** THE PROBLEM **
All lines from the one containing "unfolding lv_def using finite_vars Max_in" down to the one containing "F \<Longrightarrow> vars", both ends included, are to be given again exactly; omit the rest of the listing below.

** INPUT MATERIAL **
(* Let $\mathcal{P}\subset K[x_1,\ldots,x_n]$ be a chordal polynomial set with $x_1<\cdots<x_n$ as a perfect elimination ordering. Let $\overline{\mathrm{red}}_n(\mathcal{P}),\ldots,\overline{\mathrm{red}}_1(\mathcal{P})$ be any successive reduction of $\mathcal{P}$, with arbitrary valid reduction data at each step. Then for each $i\in\{n,\ldots,1\}$ and any two distinct variables $x_p,x_q$ the following holds: if there is an integer $k$ with $x_p,x_q\in\mathrm{supp}\big(\overline{\mathrm{red}}_i(\mathcal{P})^{(k)}\big)$, then $\{x_p,x_q\}$ is an edge of $G(\mathcal{P})$.
   Context: Let $K$ be a field and $K[x_1,\ldots,x_n]$ the polynomial ring, with the variables ordered $x_1<\cdots<x_n$. For a polynomial $F$, $\mathrm{supp}(F)$ is the set of variables effectively appearing in $F$. For a set of polynomials $\mathcal{P}$, $\mathrm{supp}(\mathcal{P})=\bigcup_{F\in\mathcal{P}}\mathrm{supp}(F)$. For a nonconstant $F$, $\mathrm{lv}(F)$ is the greatest variable in $\mathrm{supp}(F)$. For a polynomial set $\mathcal{P}$ and $1\le i\le n$, $\mathcal{P}^{(i)}=\{P\in\mathcal{P}:\mathrm{lv}(P)=x_i\}$; constants belong to no $\mathcal{P}^{(i)}$. The associated graph $G(\mathcal{P})$ is the undirected graph whose vertex set is $\mathrm{supp}(\mathcal{P})$, with an edge between distinct $x_i,x_j$ iff some $F\in\mathcal{P}$ has $x_i,x_j\in\mathrm{supp}(F)$. An ordering of the vertices of a graph is a perfect elimination ordering if, for every vertex $v$, the set consisting of $v$ and all neighbours of $v$ smaller than $v$ is a clique. A polynomial set $\mathcal{P}$ is called chordal with $x_1<\cdots<x_n$ as a perfect elimination ordering if the restriction of this ordering to $\mathrm{supp}(\mathcal{P})$ is a perfect elimination ordering of $G(\mathcal{P})$. Reduction step: let $\mathcal{S}$ be a polynomial set and $1\le i\le n$ with $\mathcal{S}^{(i)}\neq\emptyset$. Reduction data for $(\mathcal{S},i)$ is a pair $(T_i,\mathcal{R}_i)$ such that: - $T_i\in K[x_1,\ldots,x_i]\setminus K[x_1,\ldots,x_{i-1}]$ and $\mathcal{R}_i\subset K[x_1,\ldots,x_{i-1}]$, where $K[x_1,\ldots,x_0]=K$; - $\mathrm{supp}(T_i)\subseteq\mathrm{supp}(\mathcal{S}^{(i)})$ and $\mathrm{supp}(\mathcal{R}_i)\subseteq\mathrm{supp}(\mathcal{S}^{(i)})$. Given such a pair, $$\mathrm{red}_i(\mathcal{S})=\bigcup_{j>i}\mathcal{S}^{(j)}\ \cup\ \{T_i\}\ \cup\ \bigcup_{j<i}\big(\mathcal{S}^{(j)}\cup\mathcal{R}_i^{(j)}\big).$$ If $\mathcal{S}^{(i)}=\emptyset$, set $\mathrm{red}_i(\mathcal{S})=\bigcup_{j}\mathcal{S}^{(j)}$. Successive reduction: $\overline{\mathrm{red}}_{n+1}(\mathcal{P})=\mathcal{P}$ and $\overline{\mathrm{red}}_i(\mathcal{P})=\mathrm{red}_i(\overline{\mathrm{red}}_{i+1}(\mathcal{P}))$ for $i=n,\ldots,1$. At each step some reduction data for $(\overline{\mathrm{red}}_{i+1}(\mathcal{P}),i)$ is chosen. *)

theory Defs
  imports "HOL-Library.Poly_Mapping"
begin

text \<open>Multivariate polynomials over K: finitely supported maps from monomials
(finitely supported exponent vectors, variable x_i is index i) to coefficients.\<close>
type_synonym 'a mpoly = "(nat \<Rightarrow>\<^sub>0 nat) \<Rightarrow>\<^sub>0 'a"

definition vars :: "('a::zero) mpoly \<Rightarrow> nat set" where
  "vars F = (\<Union>m\<in>Poly_Mapping.keys F. Poly_Mapping.keys m)"

definition supp_set :: "('a::zero) mpoly set \<Rightarrow> nat set" where
  "supp_set P = (\<Union>F\<in>P. vars F)"

definition lv :: "('a::zero) mpoly \<Rightarrow> nat" where
  "lv F = Max (vars F)"

definition level :: "('a::zero) mpoly set \<Rightarrow> nat \<Rightarrow> 'a mpoly set" where
  "level P i = {F \<in> P. vars F \<noteq> {} \<and> lv F = i}"

definition graph_edge :: "('a::zero) mpoly set \<Rightarrow> nat \<Rightarrow> nat \<Rightarrow> bool" where
  "graph_edge P p q \<longleftrightarrow> p \<noteq> q \<and> (\<exists>F\<in>P. p \<in> vars F \<and> q \<in> vars F)"

text \<open>Perfect elimination ordering (natural order on variable indices) of G(P).\<close>
definition chordal :: "('a::zero) mpoly set \<Rightarrow> bool" where
  "chordal P \<longleftrightarrow> (\<forall>v\<in>supp_set P.
     (\<forall>a\<in>insert v {u. graph_edge P u v \<and> u < v}.
       \<forall>b\<in>insert v {u. graph_edge P u v \<and> u < v}.
         a \<noteq> b \<longrightarrow> graph_edge P a b))"

definition reduction_data :: "('a::zero) mpoly set \<Rightarrow> nat \<Rightarrow> 'a mpoly \<Rightarrow> 'a mpoly set \<Rightarrow> bool" where
  "reduction_data S i T R \<longleftrightarrow>
     vars T \<subseteq> {1..i} \<and> i \<in> vars T \<and>
     (\<forall>F\<in>R. vars F \<subseteq> {1..<i}) \<and>
     vars T \<subseteq> supp_set (level S i) \<and>
     supp_set R \<subseteq> supp_set (level S i)"

definition red :: "nat \<Rightarrow> ('a::zero) mpoly set \<Rightarrow> nat \<Rightarrow> 'a mpoly \<Rightarrow> 'a mpoly set \<Rightarrow> 'a mpoly set" where
  "red n S i T R =
     (if level S i = {} then (\<Union>j\<in>{1..n}. level S j)
      else (\<Union>j\<in>{i<..n}. level S j) \<union> {T} \<union> (\<Union>j\<in>{1..<i}. level S j \<union> level R j))"

end

theory Submission
  imports Defs
begin

text \<open>Every polynomial F of \<open>P\<close> has its variables inside the clique of x_lv(F) and its
smaller neighbours in G(P); chordality makes these sets cliques. This property is preserved by
each reduction step: \<open>T\<^sub>i\<close> lives in the clique of x_i, and every variable of a polynomial of
\<open>R\<^sub>i\<close> lies in the clique of x_i and below its own leading variable, which is itself a smaller
neighbour of x_i, so again the clique property places it in the right set.\<close>

definition elim_clique :: "('a::zero) mpoly set \<Rightarrow> nat \<Rightarrow> nat set" where
  "elim_clique P k = {u. (u = k \<and> k \<in> supp_set P) \<or> (graph_edge P u k \<and> u < k)}"

definition vars_in_elim_cliques :: "('a::zero) mpoly set \<Rightarrow> 'a mpoly set \<Rightarrow> bool" where
  "vars_in_elim_cliques P X \<longleftrightarrow> (\<forall>F\<in>X. vars F \<noteq> {} \<longrightarrow> vars F \<subseteq> elim_clique P (lv F))"

lemma finite_vars: "finite (vars F)"
  unfolding vars_def by auto

lemma lv_in_vars: "vars F \<noteq> {} \<Longrightarrow> lv F \<in> vars F"
  unfolding lv_def using finite_vars Max_in by blast

lemma le_lv: "u \<in> vars F \<Longrightarrow> u \<le> lv F"
  unfolding lv_def using finite_vars Max_ge by blast

lemma lv_eqI: "i \<in> vars F \<Longrightarrow> vars F \<subseteq> {..i} \<Longrightarrow> lv F = i"
  using lv_in_vars le_lv by (metis atMost_iff empty_iff le_antisym subsetD)

lemma graph_edge_in_supp_set: "graph_edge P u k \<Longrightarrow> u \<in> supp_set P \<and> k \<in> supp_set P"
  unfolding graph_edge_def supp_set_def by auto

lemma elim_clique_is_clique:
  assumes "chordal P" "p \<in> elim_clique P k" "q \<in> elim_clique P k" "p \<noteq> q"
  shows "graph_edge P p q"
proof -
  have "k \<in> supp_set P"
    using assms(2) graph_edge_in_supp_set unfolding elim_clique_def by auto
  moreover have "p \<in> insert k {u. graph_edge P u k \<and> u < k}"
    and "q \<in> insert k {u. graph_edge P u k \<and> u < k}"
    using assms(2,3) unfolding elim_clique_def by auto
  ultimately show ?thesis using assms(1,4) unfolding chordal_def by blast
qed

lemma vars_in_elim_cliques_self: "vars_in_elim_cliques P P"
  unfolding vars_in_elim_cliques_def
proof (intro ballI impI subsetI)
  fix F u assume F: "F \<in> P" "vars F \<noteq> {}" and u: "u \<in> vars F"
  have lv: "lv F \<in> vars F" using lv_in_vars F(2) .
  then have "lv F \<in> supp_set P" using F(1) unfolding supp_set_def by auto
  moreover have "u \<noteq> lv F \<Longrightarrow> graph_edge P u (lv F)"
    using F(1) lv u unfolding graph_edge_def by auto
  ultimately show "u \<in> elim_clique P (lv F)"
    using le_lv[OF u] unfolding elim_clique_def by (cases "u = lv F") auto
qed

lemma supp_set_level_subset_elim_clique:
  "vars_in_elim_cliques P X \<Longrightarrow> supp_set (level X k) \<subseteq> elim_clique P k"
  unfolding vars_in_elim_cliques_def supp_set_def level_def by auto

lemma vars_in_elim_clique_below:
  assumes chord: "chordal P" and sub: "vars F \<subseteq> elim_clique P i"
    and below: "vars F \<subseteq> {..<i}" and nonconst: "vars F \<noteq> {}"
  shows "vars F \<subseteq> elim_clique P (lv F)"
proof
  fix u assume u: "u \<in> vars F"
  have lv: "lv F \<in> vars F" using lv_in_vars nonconst .
  then have lv_clique: "lv F \<in> elim_clique P i" and "lv F < i" using sub below by auto
  then have "graph_edge P (lv F) i" unfolding elim_clique_def by auto
  then have "lv F \<in> supp_set P" using graph_edge_in_supp_set by blast
  moreover have "u \<noteq> lv F \<Longrightarrow> graph_edge P u (lv F)"
    using elim_clique_is_clique[OF chord _ lv_clique] u sub by auto
  ultimately show "u \<in> elim_clique P (lv F)"
    using le_lv[OF u] unfolding elim_clique_def by (cases "u = lv F") auto
qed

lemma vars_in_elim_cliques_red:
  assumes chord: "chordal P" and inv: "vars_in_elim_cliques P S"
    and data: "level S i \<noteq> {} \<longrightarrow> reduction_data S i T R"
  shows "vars_in_elim_cliques P (red n S i T R)"
proof (cases "level S i = {}")
  case True
  then show ?thesis
    using inv unfolding red_def vars_in_elim_cliques_def level_def by auto
next
  case False
  then have rd: "reduction_data S i T R" using data by blast
  have sub: "supp_set (level S i) \<subseteq> elim_clique P i"
    using supp_set_level_subset_elim_clique[OF inv] .
  have "lv T = i"
    using rd by (intro lv_eqI) (auto simp: reduction_data_def)
  then have T: "vars T \<subseteq> elim_clique P (lv T)"
    using rd sub unfolding reduction_data_def by auto
  have "vars F \<subseteq> elim_clique P (lv F)" if "F \<in> R" "vars F \<noteq> {}" for F
  proof (rule vars_in_elim_clique_below[OF chord _ _ that(2)])
    show "vars F \<subseteq> elim_clique P i"
      using rd that(1) sub unfolding reduction_data_def supp_set_def by blast
    show "vars F \<subseteq> {..<i}"
      using rd that(1) unfolding reduction_data_def by fastforce
  qed
  with False inv T show ?thesis
    unfolding red_def vars_in_elim_cliques_def level_def by auto
qed

lemma vars_in_elim_cliques_successive_red:
  assumes chord: "chordal P" and start: "S (Suc n) = P"
    and step: "\<forall>i\<in>{1..n}. S i = red n (S (Suc i)) i (T i) (R i)"
    and data: "\<forall>i\<in>{1..n}. level (S (Suc i)) i \<noteq> {} \<longrightarrow>
                   reduction_data (S (Suc i)) i (T i) (R i)"
    and i: "1 \<le> i" "i \<le> Suc n"
  shows "vars_in_elim_cliques P (S i)"
  using i(2,1)
proof (induction i rule: inc_induct)
  case base
  then show ?case using start vars_in_elim_cliques_self by simp
next
  case (step i)
  then show ?case
    using assms(3,4) vars_in_elim_cliques_red[OF chord] by simp
qed

theorem lemma3p4:
  fixes P :: "('a::field) mpoly set" and n :: nat
    and S :: "nat \<Rightarrow> 'a mpoly set"
    and T :: "nat \<Rightarrow> 'a mpoly" and R :: "nat \<Rightarrow> 'a mpoly set"
  assumes inK: "\<forall>F\<in>P. vars F \<subseteq> {1..n}"
    and chord: "chordal P"
    and start: "S (Suc n) = P"
    and step: "\<forall>i\<in>{1..n}. S i = red n (S (Suc i)) i (T i) (R i)"
    and data: "\<forall>i\<in>{1..n}. level (S (Suc i)) i \<noteq> {} \<longrightarrow>
                   reduction_data (S (Suc i)) i (T i) (R i)"
  shows "\<forall>i\<in>{1..n}. \<forall>p q. \<forall>k\<in>{1..n}.
           p \<noteq> q \<and> p \<in> supp_set (level (S i) k) \<and> q \<in> supp_set (level (S i) k)
           \<longrightarrow> graph_edge P p q"
proof (intro ballI allI impI)
  fix i p q k assume i: "i \<in> {1..n}"
    and pq: "p \<noteq> q \<and> p \<in> supp_set (level (S i) k) \<and> q \<in> supp_set (level (S i) k)"
  have "vars_in_elim_cliques P (S i)"
    using vars_in_elim_cliques_successive_red[OF chord start step data] i by simp
  then have "supp_set (level (S i) k) \<subseteq> elim_clique P k"
    by (rule supp_set_level_subset_elim_clique)
  then show "graph_edge P p q" using elim_clique_is_clique[OF chord] pq by blast
qed

end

** RESPONSE BOX **
  unfolding lv_def using finite_vars Max_in by blast

lemma le_lv: "u \<in> vars F \<Longrightarrow> u \<le> lv F"
  unfolding lv_def using finite_vars Max_ge by blast

lemma lv_eqI: "i \<in> vars F \<Longrightarrow> vars F \<subseteq> {..i} \<Longrightarrow> lv F = i"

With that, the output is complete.